text \<open>The second axiom of localizing systems for F_of S: if c(s) lies in I and
  each conductor (J : s_k) contains a content c(t_k), then J contains the content of
  the element s t_0 ... t_n of S.\<close>
lemma F_of_colon_closed:
  assumes D: "subring_of D" and S: "mult_subset D S"
    and I: "I \<in> F_of D S" and J: "ideal_of D J" and colon: "\<forall>i\<in>I. colon_D D J i \<in> F_of D S"
  shows "J \<in> F_of D S"
proof -
  have SD: "S \<subseteq> polys_over D" using S by (simp add: mult_subset_def)
  obtain s where s: "s \<in> S" "cont D s \<subseteq> I" using I unfolding F_of_def by blast
  have "\<exists>t. t \<in> S \<and> cont D t \<subseteq> colon_D D J (coeff s k)" for k
  proof -
    have "coeff s k \<in> I" using s(2) coeff_in_cont[OF D, of s k] by blast
    then have "colon_D D J (coeff s k) \<in> F_of D S" using colon by blast
    then show ?thesis unfolding F_of_def by blast
  qed
  then obtain t where t: "\<And>k. t k \<in> S" "\<And>k. cont D (t k) \<subseteq> colon_D D J (coeff s k)"
    using choice[of "\<lambda>k t. t \<in> S \<and> cont D t \<subseteq> colon_D D J (coeff s k)"] by blast
  have tD: "\<And>k. t k \<in> polys_over D" using t(1) SD by blast
  have t_colon: "t k \<in> polys_over (colon_D D J (coeff s k))" for k
    using t(2)[of k] cont_subset_iff[OF D colon_D_ideal[OF D ideal_submodule[OF J]], of "t k"]
    by simp
  have "(\<Prod>k\<le>degree s. t k) \<in> S" by (rule prod_mult_subset[OF S t(1)])
  then have "s * (\<Prod>k\<le>degree s. t k) \<in> S" using S s(1) by (simp add: mult_subset_def)
  moreover have "cont D (s * (\<Prod>k\<le>degree s. t k)) \<subseteq> J"
    using mult_prod_in_colon[OF D J tD t_colon] cont_subset_iff[OF D J] by simp
  ultimately show ?thesis using J by (auto simp: F_of_def)
qed

lemma F_of_finite_type:
  assumes D: "subring_of D" and S: "mult_subset D S"
  shows "loc_sys_finite_type D (F_of D S)"
proof -
  have SD: "S \<subseteq> polys_over D" and one: "1 \<in> S" and zero: "0 \<notin> S"
    using S by (auto simp: mult_subset_def)
  have "D \<in> F_of D S"
    using ideal_of_D[OF D] one ideal_subset[OF cont_ideal[OF D one_polys_over[OF D]]]
    by (auto simp: F_of_def)
  moreover have "{0} \<notin> F_of D S"
  proof
    assume "{0} \<in> F_of D S"
    then obtain s where s: "s \<in> S" "cont D s \<subseteq> {0}" unfolding F_of_def by blast
    then have "s = 0" using coeff_in_cont[OF D, of s] by (intro poly_eqI) auto
    then show False using s zero by simp
  qed
  moreover have "\<exists>J\<in>F_of D S. J \<subseteq> I \<and> finitely_generated_ideal D J" if I: "I \<in> F_of D S" for I
  proof -
    obtain s where "s \<in> S" "cont D s \<subseteq> I" using I unfolding F_of_def by blast
    then show ?thesis using SD cont_ideal[OF D, of s] cont_finitely_generated[of s D]
      by (intro bexI[of _ "cont D s"]) (auto simp: F_of_def)
  qed
  moreover have "\<forall>I\<in>F_of D S. ideal_of D I" by (simp add: F_of_def)
  moreover have "\<forall>I\<in>F_of D S. \<forall>J. ideal_of D J \<and> I \<subseteq> J \<longrightarrow> J \<in> F_of D S"
    by (auto simp: F_of_def)
  moreover have "\<forall>I\<in>F_of D S. \<forall>J. ideal_of D J \<and> (\<forall>i\<in>I. colon_D D J i \<in> F_of D S) \<longrightarrow> J \<in> F_of D S"
    using F_of_colon_closed[OF D S] by blast
  ultimately show ?thesis unfolding loc_sys_finite_type_def localizing_system_def by blast
qed

section \<open>The module E D[X]_S\<close>

lemma fract_sum_same_denom:
  assumes "s \<noteq> 0" shows "(\<Sum>k\<in>A. Fract (p k) s) = Fract (\<Sum>k\<in>A. p k) (s::'a::idom)"
proof (induction A rule: infinite_finite_induct)
  case (insert x F) then show ?case by (simp add: assms eq_fract algebra_simps)
qed (simp_all add: Zero_fract_def eq_fract assms)

lemma ext_module_sum_fract:
  fixes e :: "nat \<Rightarrow> 'k::field" and r :: "nat \<Rightarrow> 'k poly fract"
  assumes D: "subring_of D" and S: "mult_subset D S" and E: "submodule_of D E"
  shows "(\<forall>i<n. e i \<in> E \<and> r i \<in> loc_ring D S) \<Longrightarrow>
    \<exists>h t. h \<in> polys_over E \<and> t \<in> S \<and> (\<Sum>i<n. Fract [:e i:] 1 * r i) = Fract h t"
proof (induction n)
  case 0
  have "(0::'k poly) \<in> polys_over E" using E by (simp add: polys_over_def submodule_of_def)
  then show ?case using S by (auto simp: Zero_fract_def mult_subset_def)
next
  case (Suc n)
  then obtain h t where h: "h \<in> polys_over E" and t: "t \<in> S"
    and sum_n: "(\<Sum>i<n. Fract [:e i:] 1 * r i) = Fract h t" by auto
  obtain f s where r: "r n = Fract f s" and f: "f \<in> polys_over D" and s: "s \<in> S"
    using Suc.prems unfolding loc_ring_def by blast
  have SD: "S \<subseteq> polys_over D" and nonzero: "t \<noteq> 0" "s \<noteq> 0" and ts: "t * s \<in> S"
    using S t s by (auto simp: mult_subset_def)
  have en: "[:e n:] \<in> polys_over E" using const_polys_over[OF E] Suc.prems by blast
  have "h * s \<in> polys_over E" using polys_over_mult[OF E h] s SD by blast
  moreover have "[:e n:] * f * t \<in> polys_over E"
    using polys_over_mult[OF E polys_over_mult[OF E en f]] t SD by blast
  ultimately have num: "h * s + [:e n:] * f * t \<in> polys_over E" by (rule polys_over_add[OF E])
  have "(\<Sum>i<Suc n. Fract [:e i:] 1 * r i) = Fract h t + Fract ([:e n:] * f) s"
    using sum_n r by simp
  also have "\<dots> = Fract (h * s + [:e n:] * f * t) (t * s)" using nonzero by (simp add: algebra_simps)
  finally show ?case using num ts by blast
qed

lemma ext_module_eq:
  fixes D :: "'k::field set"
  assumes D: "subring_of D" and S: "mult_subset D S" and E: "submodule_of D E"
  shows "ext_module D E S = {Fract h t | h t. h \<in> polys_over E \<and> t \<in> S}"
proof (intro set_eqI iffI)
  fix x assume "x \<in> ext_module D E S"
  then show "x \<in> {Fract h t | h t. h \<in> polys_over E \<and> t \<in> S}"
    unfolding ext_module_def using ext_module_sum_fract[OF D S E] by blast
next
  fix x assume "x \<in> {Fract h t | h t. h \<in> polys_over E \<and> t \<in> S}"
  then obtain h t where x: "x = Fract h t" and h: "h \<in> polys_over E" and t: "t \<in> S" by blast
  have "t \<noteq> 0" using S t by (auto simp: mult_subset_def)
  have summand: "Fract [:coeff h k:] 1 * Fract (monom 1 k) t = Fract (monom (coeff h k) k) t" for k
    by (simp add: smult_monom)
  have "(\<Sum>k<Suc (degree h). Fract [:coeff h k:] 1 * Fract (monom 1 k) t)
      = (\<Sum>k\<le>degree h. Fract (monom (coeff h k) k) t)"
    by (simp only: summand lessThan_Suc_atMost)
  also have "\<dots> = Fract (\<Sum>k\<le>degree h. monom (coeff h k) k) t"
    using \<open>t \<noteq> 0\<close> by (rule fract_sum_same_denom)
  also have "\<dots> = x" by (simp add: x poly_as_sum_of_monoms)
  finally have x_sum: "x = (\<Sum>k<Suc (degree h). Fract [:coeff h k:] 1 * Fract (monom 1 k) t)" ..
  have "Fract (monom 1 k) t \<in> loc_ring D S" for k
    unfolding loc_ring_def using monom_polys_over[OF D] t by blast
  then have members: "\<forall>k<Suc (degree h). coeff h k \<in> E \<and> Fract (monom 1 k) t \<in> loc_ring D S"
    using h by (simp add: polys_over_def)
  show "x \<in> ext_module D E S"
    unfolding ext_module_def mem_Collect_eq
    by (intro exI[of _ "Suc (degree h)"] exI[of _ "coeff h"] exI[of _ "\<lambda>k. Fract (monom 1 k) t"]
        conjI x_sum members)
qed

+++

_Your goal_
Beginning at the first line of the records, give again each line exactly as written, ending with the line that contains "using ideal_of_D[OF D]".

_Response below_
text \<open>The second axiom of localizing systems for F_of S: if c(s) lies in I and
  each conductor (J : s_k) contains a content c(t_k), then J contains the content of
  the element s t_0 ... t_n of S.\<close>
lemma F_of_colon_closed:
  assumes D: "subring_of D" and S: "mult_subset D S"
    and I: "I \<in> F_of D S" and J: "ideal_of D J" and colon: "\<forall>i\<in>I. colon_D D J i \<in> F_of D S"
  shows "J \<in> F_of D S"
proof -
  have SD: "S \<subseteq> polys_over D" using S by (simp add: mult_subset_def)
  obtain s where s: "s \<in> S" "cont D s \<subseteq> I" using I unfolding F_of_def by blast
  have "\<exists>t. t \<in> S \<and> cont D t \<subseteq> colon_D D J (coeff s k)" for k
  proof -
    have "coeff s k \<in> I" using s(2) coeff_in_cont[OF D, of s k] by blast
    then have "colon_D D J (coeff s k) \<in> F_of D S" using colon by blast
    then show ?thesis unfolding F_of_def by blast
  qed
  then obtain t where t: "\<And>k. t k \<in> S" "\<And>k. cont D (t k) \<subseteq> colon_D D J (coeff s k)"
    using choice[of "\<lambda>k t. t \<in> S \<and> cont D t \<subseteq> colon_D D J (coeff s k)"] by blast
  have tD: "\<And>k. t k \<in> polys_over D" using t(1) SD by blast
  have t_colon: "t k \<in> polys_over (colon_D D J (coeff s k))" for k
    using t(2)[of k] cont_subset_iff[OF D colon_D_ideal[OF D ideal_submodule[OF J]], of "t k"]
    by simp
  have "(\<Prod>k\<le>degree s. t k) \<in> S" by (rule prod_mult_subset[OF S t(1)])
  then have "s * (\<Prod>k\<le>degree s. t k) \<in> S" using S s(1) by (simp add: mult_subset_def)
  moreover have "cont D (s * (\<Prod>k\<le>degree s. t k)) \<subseteq> J"
    using mult_prod_in_colon[OF D J tD t_colon] cont_subset_iff[OF D J] by simp
  ultimately show ?thesis using J by (auto simp: F_of_def)
qed

lemma F_of_finite_type:
  assumes D: "subring_of D" and S: "mult_subset D S"
  shows "loc_sys_finite_type D (F_of D S)"
proof -
  have SD: "S \<subseteq> polys_over D" and one: "1 \<in> S" and zero: "0 \<notin> S"
    using S by (auto simp: mult_subset_def)
  have "D \<in> F_of D S"
    using ideal_of_D[OF D] one ideal_subset[OF cont_ideal[OF D one_polys_over[OF D]]]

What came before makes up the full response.